§ How to complete this task
For every line in the material, set down an identical one.

§ Input data
(* Let $G$ be a graph with $n$ vertices and adjacency matrix $A$. (i) If all eigenvalues of $A$ are equal to $\pm 1$, then $G=\frac{n}{2}K_2$. (ii) If all but one eigenvalue of $A$ (counted with multiplicity) are equal to $\pm 1$, then $G$ is a disjoint union of complete graphs in which all but one of the connected components are equal to $K_2$. (iii) If $A$ has exactly two eigenvalues $r$ and $s$ with $r\geq s$ (counted with multiplicity) different from $\pm 1$, then either $r>1$ and $s<-1$, or $G$ is a disjoint union of complete graphs with exactly two connected components different from $K_2$.
   Context: Graphs are finite, simple and undirected. Eigenvalues of a graph are those of its adjacency matrix. $\frac{n}{2}K_2$ denotes the disjoint union of $n/2$ copies of the complete graph $K_2$ (a perfect matching). *)

theory Defs
  imports "Jordan_Normal_Form.Char_Poly" "HOL-Computational_Algebra.Polynomial"
begin

definition simple_graph :: "nat \<Rightarrow> (nat \<Rightarrow> nat \<Rightarrow> bool) \<Rightarrow> bool" where
  "simple_graph n E \<longleftrightarrow>
     (\<forall>i j. E i j \<longrightarrow> i < n \<and> j < n) \<and>
     (\<forall>i j. E i j \<longrightarrow> E j i) \<and>
     (\<forall>i. \<not> E i i)"

definition adj_matrix :: "nat \<Rightarrow> (nat \<Rightarrow> nat \<Rightarrow> bool) \<Rightarrow> real mat" where
  "adj_matrix n E = mat n n (\<lambda>(i, j). if E i j then 1 else 0)"

text \<open>The eigenvalues of a real matrix counted with multiplicity: the multiset of
  roots of its characteristic polynomial (for symmetric matrices all roots are real).\<close>
definition eigenvalues_mset :: "real mat \<Rightarrow> real multiset" where
  "eigenvalues_mset A = proots (char_poly A)"

definition component :: "nat \<Rightarrow> (nat \<Rightarrow> nat \<Rightarrow> bool) \<Rightarrow> nat \<Rightarrow> nat set" where
  "component n E v = {u. u < n \<and> E\<^sup>*\<^sup>* v u}"

definition components :: "nat \<Rightarrow> (nat \<Rightarrow> nat \<Rightarrow> bool) \<Rightarrow> nat set set" where
  "components n E = component n E ` {..<n}"

definition union_of_cliques :: "nat \<Rightarrow> (nat \<Rightarrow> nat \<Rightarrow> bool) \<Rightarrow> bool" where
  "union_of_cliques n E \<longleftrightarrow>
     (\<forall>C \<in> components n E. \<forall>x \<in> C. \<forall>y \<in> C. x \<noteq> y \<longrightarrow> E x y)"

text \<open>G = (n/2) K_2, i.e. G is a perfect matching: every vertex has exactly one neighbour.\<close>
definition perfect_matching :: "nat \<Rightarrow> (nat \<Rightarrow> nat \<Rightarrow> bool) \<Rightarrow> bool" where
  "perfect_matching n E \<longleftrightarrow> (\<forall>v < n. card {u. E v u} = 1)"

text \<open>Number of connected components that are not K_2 (in a union of cliques,
  a component is K_2 iff it has exactly 2 vertices).\<close>
definition num_non_K2_components :: "nat \<Rightarrow> (nat \<Rightarrow> nat \<Rightarrow> bool) \<Rightarrow> nat" where
  "num_non_K2_components n E = card {C \<in> components n E. card C \<noteq> 2}"

end

theory Submission
  imports Defs "Jordan_Normal_Form.Schur_Decomposition"
begin

text \<open>In each of the three cases all eigenvalues of A lie on one side: all are at least -1, or all
  are at most 1 (in case (iii) unless r > 1 and s < -1). Then I + A or I - A is positive
  semidefinite, hence a Gram matrix, and an induced path i - k - j is impossible: its Gram vectors
  would give u_i + u_j \<mp> 2 u_k squared length -2. So G is a disjoint union of cliques, and a
  component K_m contributes the eigenvalue m - 1 once and -1 with multiplicity m - 1; thus the
  eigenvalues different from \<plusminus>1 are counted by the components other than K_2.

  No spectral theorem is needed: the eigenvalues enter only through the trace identity
  tr g(A) = \<Sum> g(\<lambda>) for polynomials g, which follows from Schur triangularisation. A polynomial
  vanishing on the spectrum gives tr (g(A) g(A)) = 0, so the symmetric matrix g(A) is zero;
  hence q(A) = h(A) h(A) whenever h interpolates the square root of q \<ge> 0 on the spectrum.
  Interpolating the indicator of the eigenvalues different from \<plusminus>1 then does the counting.\<close>

section \<open>Power traces of real symmetric matrices\<close>

lemma real_symmetric_eigenvalue_real:
  fixes A :: "real mat"
  assumes A: "A \<in> carrier_mat n n" and sym: "\<forall>i<n. \<forall>j<n. A $$ (i,j) = A $$ (j,i)"
    and ev: "eigenvalue (map_mat complex_of_real A) a"
  shows "Im a = 0"
proof -
  let ?Ac = "map_mat complex_of_real A"
  obtain v where vc: "v \<in> carrier_vec n" and v0: "v \<noteq> 0\<^sub>v n" and eq: "?Ac *\<^sub>v v = a \<cdot>\<^sub>v v"
    using ev A unfolding eigenvalue_def eigenvector_def by auto
  define T where "T = (\<Sum>i<n. \<Sum>j<n. complex_of_real (A $$ (i,j)) * cnj (v$i) * v$j)"
  define r where "r = (\<Sum>i<n. (cmod (v$i))\<^sup>2)"
  have "(?Ac *\<^sub>v v) $ i = (\<Sum>j<n. complex_of_real (A $$ (i,j)) * v$j)" if "i < n" for i
    using that A vc by (auto simp: scalar_prod_def lessThan_atLeast0 intro!: sum.cong)
  then have "T = (\<Sum>i<n. cnj (v$i) * (a * v$i))"
    using eq vc unfolding T_def
    by (auto simp: sum_distrib_left mult.commute mult.left_commute intro!: sum.cong)
  also have "\<dots> = a * complex_of_real r"
  proof -
    have norm_sq: "cnj z * (a * z) = a * complex_of_real ((cmod z)\<^sup>2)" for z
      using complex_norm_square by auto
    show ?thesis unfolding r_def of_real_sum sum_distrib_left by (simp only: norm_sq)
  qed
  finally have T_eq: "T = a * complex_of_real r" .
  have "cnj T = (\<Sum>i<n. \<Sum>j<n. complex_of_real (A $$ (i,j)) * v$i * cnj (v$j))"
    unfolding T_def by simp
  also have "\<dots> = (\<Sum>j<n. \<Sum>i<n. complex_of_real (A $$ (i,j)) * v$i * cnj (v$j))"
    by (rule sum.swap)
  also have "\<dots> = T"
    unfolding T_def using sym by (auto intro!: sum.cong simp: mult.commute mult.left_commute)
  finally have "cnj T = T" .
  moreover have "r > 0"
  proof -
    obtain i where "i < n" "v $ i \<noteq> 0"
      using v0 vc by (metis eq_vecI carrier_vecD index_zero_vec(1,2))
    then have "0 < (cmod (v$i))\<^sup>2" "(cmod (v$i))\<^sup>2 \<le> r"
      unfolding r_def by (auto intro: member_le_sum)
    then show ?thesis by linarith
  qed
  ultimately have "cnj a = a" using T_eq by simp
  then show ?thesis by (metis complex_cnj_cancel_iff complex.sel(2) cnj.sel(2) neg_equal_zero)
qed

§ Response below
(* Let $G$ be a graph with $n$ vertices and adjacency matrix $A$. (i) If all eigenvalues of $A$ are equal to $\pm 1$, then $G=\frac{n}{2}K_2$. (ii) If all but one eigenvalue of $A$ (counted with multiplicity) are equal to $\pm 1$, then $G$ is a disjoint union of complete graphs in which all but one of the connected components are equal to $K_2$. (iii) If $A$ has exactly two eigenvalues $r$ and $s$ with $r\geq s$ (counted with multiplicity) different from $\pm 1$, then either $r>1$ and $s<-1$, or $G$ is a disjoint union of complete graphs with exactly two connected components different from $K_2$.
   Context: Graphs are finite, simple and undirected. Eigenvalues of a graph are those of its adjacency matrix. $\frac{n}{2}K_2$ denotes the disjoint union of $n/2$ copies of the complete graph $K_2$ (a perfect matching). *)

theory Defs
  imports "Jordan_Normal_Form.Char_Poly" "HOL-Computational_Algebra.Polynomial"
begin

definition simple_graph :: "nat \<Rightarrow> (nat \<Rightarrow> nat \<Rightarrow> bool) \<Rightarrow> bool" where
  "simple_graph n E \<longleftrightarrow>
     (\<forall>i j. E i j \<longrightarrow> i < n \<and> j < n) \<and>
     (\<forall>i j. E i j \<longrightarrow> E j i) \<and>
     (\<forall>i. \<not> E i i)"

definition adj_matrix :: "nat \<Rightarrow> (nat \<Rightarrow> nat \<Rightarrow> bool) \<Rightarrow> real mat" where
  "adj_matrix n E = mat n n (\<lambda>(i, j). if E i j then 1 else 0)"

text \<open>The eigenvalues of a real matrix counted with multiplicity: the multiset of
  roots of its characteristic polynomial (for symmetric matrices all roots are real).\<close>
definition eigenvalues_mset :: "real mat \<Rightarrow> real multiset" where
  "eigenvalues_mset A = proots (char_poly A)"

definition component :: "nat \<Rightarrow> (nat \<Rightarrow> nat \<Rightarrow> bool) \<Rightarrow> nat \<Rightarrow> nat set" where
  "component n E v = {u. u < n \<and> E\<^sup>*\<^sup>* v u}"

definition components :: "nat \<Rightarrow> (nat \<Rightarrow> nat \<Rightarrow> bool) \<Rightarrow> nat set set" where
  "components n E = component n E ` {..<n}"

definition union_of_cliques :: "nat \<Rightarrow> (nat \<Rightarrow> nat \<Rightarrow> bool) \<Rightarrow> bool" where
  "union_of_cliques n E \<longleftrightarrow>
     (\<forall>C \<in> components n E. \<forall>x \<in> C. \<forall>y \<in> C. x \<noteq> y \<longrightarrow> E x y)"

text \<open>G = (n/2) K_2, i.e. G is a perfect matching: every vertex has exactly one neighbour.\<close>
definition perfect_matching :: "nat \<Rightarrow> (nat \<Rightarrow> nat \<Rightarrow> bool) \<Rightarrow> bool" where
  "perfect_matching n E \<longleftrightarrow> (\<forall>v < n. card {u. E v u} = 1)"

text \<open>Number of connected components that are not K_2 (in a union of cliques,
  a component is K_2 iff it has exactly 2 vertices).\<close>
definition num_non_K2_components :: "nat \<Rightarrow> (nat \<Rightarrow> nat \<Rightarrow> bool) \<Rightarrow> nat" where
  "num_non_K2_components n E = card {C \<in> components n E. card C \<noteq> 2}"

end

theory Submission
  imports Defs "Jordan_Normal_Form.Schur_Decomposition"
begin

text \<open>In each of the three cases all eigenvalues of A lie on one side: all are at least -1, or all
  are at most 1 (in case (iii) unless r > 1 and s < -1). Then I + A or I - A is positive
  semidefinite, hence a Gram matrix, and an induced path i - k - j is impossible: its Gram vectors
  would give u_i + u_j \<mp> 2 u_k squared length -2. So G is a disjoint union of cliques, and a
  component K_m contributes the eigenvalue m - 1 once and -1 with multiplicity m - 1; thus the
  eigenvalues different from \<plusminus>1 are counted by the components other than K_2.

  No spectral theorem is needed: the eigenvalues enter only through the trace identity
  tr g(A) = \<Sum> g(\<lambda>) for polynomials g, which follows from Schur triangularisation. A polynomial
  vanishing on the spectrum gives tr (g(A) g(A)) = 0, so the symmetric matrix g(A) is zero;
  hence q(A) = h(A) h(A) whenever h interpolates the square root of q \<ge> 0 on the spectrum.
  Interpolating the indicator of the eigenvalues different from \<plusminus>1 then does the counting.\<close>

section \<open>Power traces of real symmetric matrices\<close>

lemma real_symmetric_eigenvalue_real:
  fixes A :: "real mat"
  assumes A: "A \<in> carrier_mat n n" and sym: "\<forall>i<n. \<forall>j<n. A $$ (i,j) = A $$ (j,i)"
    and ev: "eigenvalue (map_mat complex_of_real A) a"
  shows "Im a = 0"
proof -
  let ?Ac = "map_mat complex_of_real A"
  obtain v where vc: "v \<in> carrier_vec n" and v0: "v \<noteq> 0\<^sub>v n" and eq: "?Ac *\<^sub>v v = a \<cdot>\<^sub>v v"
    using ev A unfolding eigenvalue_def eigenvector_def by auto
  define T where "T = (\<Sum>i<n. \<Sum>j<n. complex_of_real (A $$ (i,j)) * cnj (v$i) * v$j)"
  define r where "r = (\<Sum>i<n. (cmod (v$i))\<^sup>2)"
  have "(?Ac *\<^sub>v v) $ i = (\<Sum>j<n. complex_of_real (A $$ (i,j)) * v$j)" if "i < n" for i
    using that A vc by (auto simp: scalar_prod_def lessThan_atLeast0 intro!: sum.cong)
  then have "T = (\<Sum>i<n. cnj (v$i) * (a * v$i))"
    using eq vc unfolding T_def
    by (auto simp: sum_distrib_left mult.commute mult.left_commute intro!: sum.cong)
  also have "\<dots> = a * complex_of_real r"
  proof -
    have norm_sq: "cnj z * (a * z) = a * complex_of_real ((cmod z)\<^sup>2)" for z
      using complex_norm_square by auto
    show ?thesis unfolding r_def of_real_sum sum_distrib_left by (simp only: norm_sq)
  qed
  finally have T_eq: "T = a * complex_of_real r" .
  have "cnj T = (\<Sum>i<n. \<Sum>j<n. complex_of_real (A $$ (i,j)) * v$i * cnj (v$j))"
    unfolding T_def by simp
  also have "\<dots> = (\<Sum>j<n. \<Sum>i<n. complex_of_real (A $$ (i,j)) * v$i * cnj (v$j))"
    by (rule sum.swap)
  also have "\<dots> = T"
    unfolding T_def using sym by (auto intro!: sum.cong simp: mult.commute mult.left_commute)
  finally have "cnj T = T" .
  moreover have "r > 0"
  proof -
    obtain i where "i < n" "v $ i \<noteq> 0"
      using v0 vc by (metis eq_vecI carrier_vecD index_zero_vec(1,2))
    then have "0 < (cmod (v$i))\<^sup>2" "(cmod (v$i))\<^sup>2 \<le> r"
      unfolding r_def by (auto intro: member_le_sum)
    then show ?thesis by linarith
  qed
  ultimately have "cnj a = a" using T_eq by simp
  then show ?thesis by (metis complex_cnj_cancel_iff complex.sel(2) cnj.sel(2) neg_equal_zero)
qed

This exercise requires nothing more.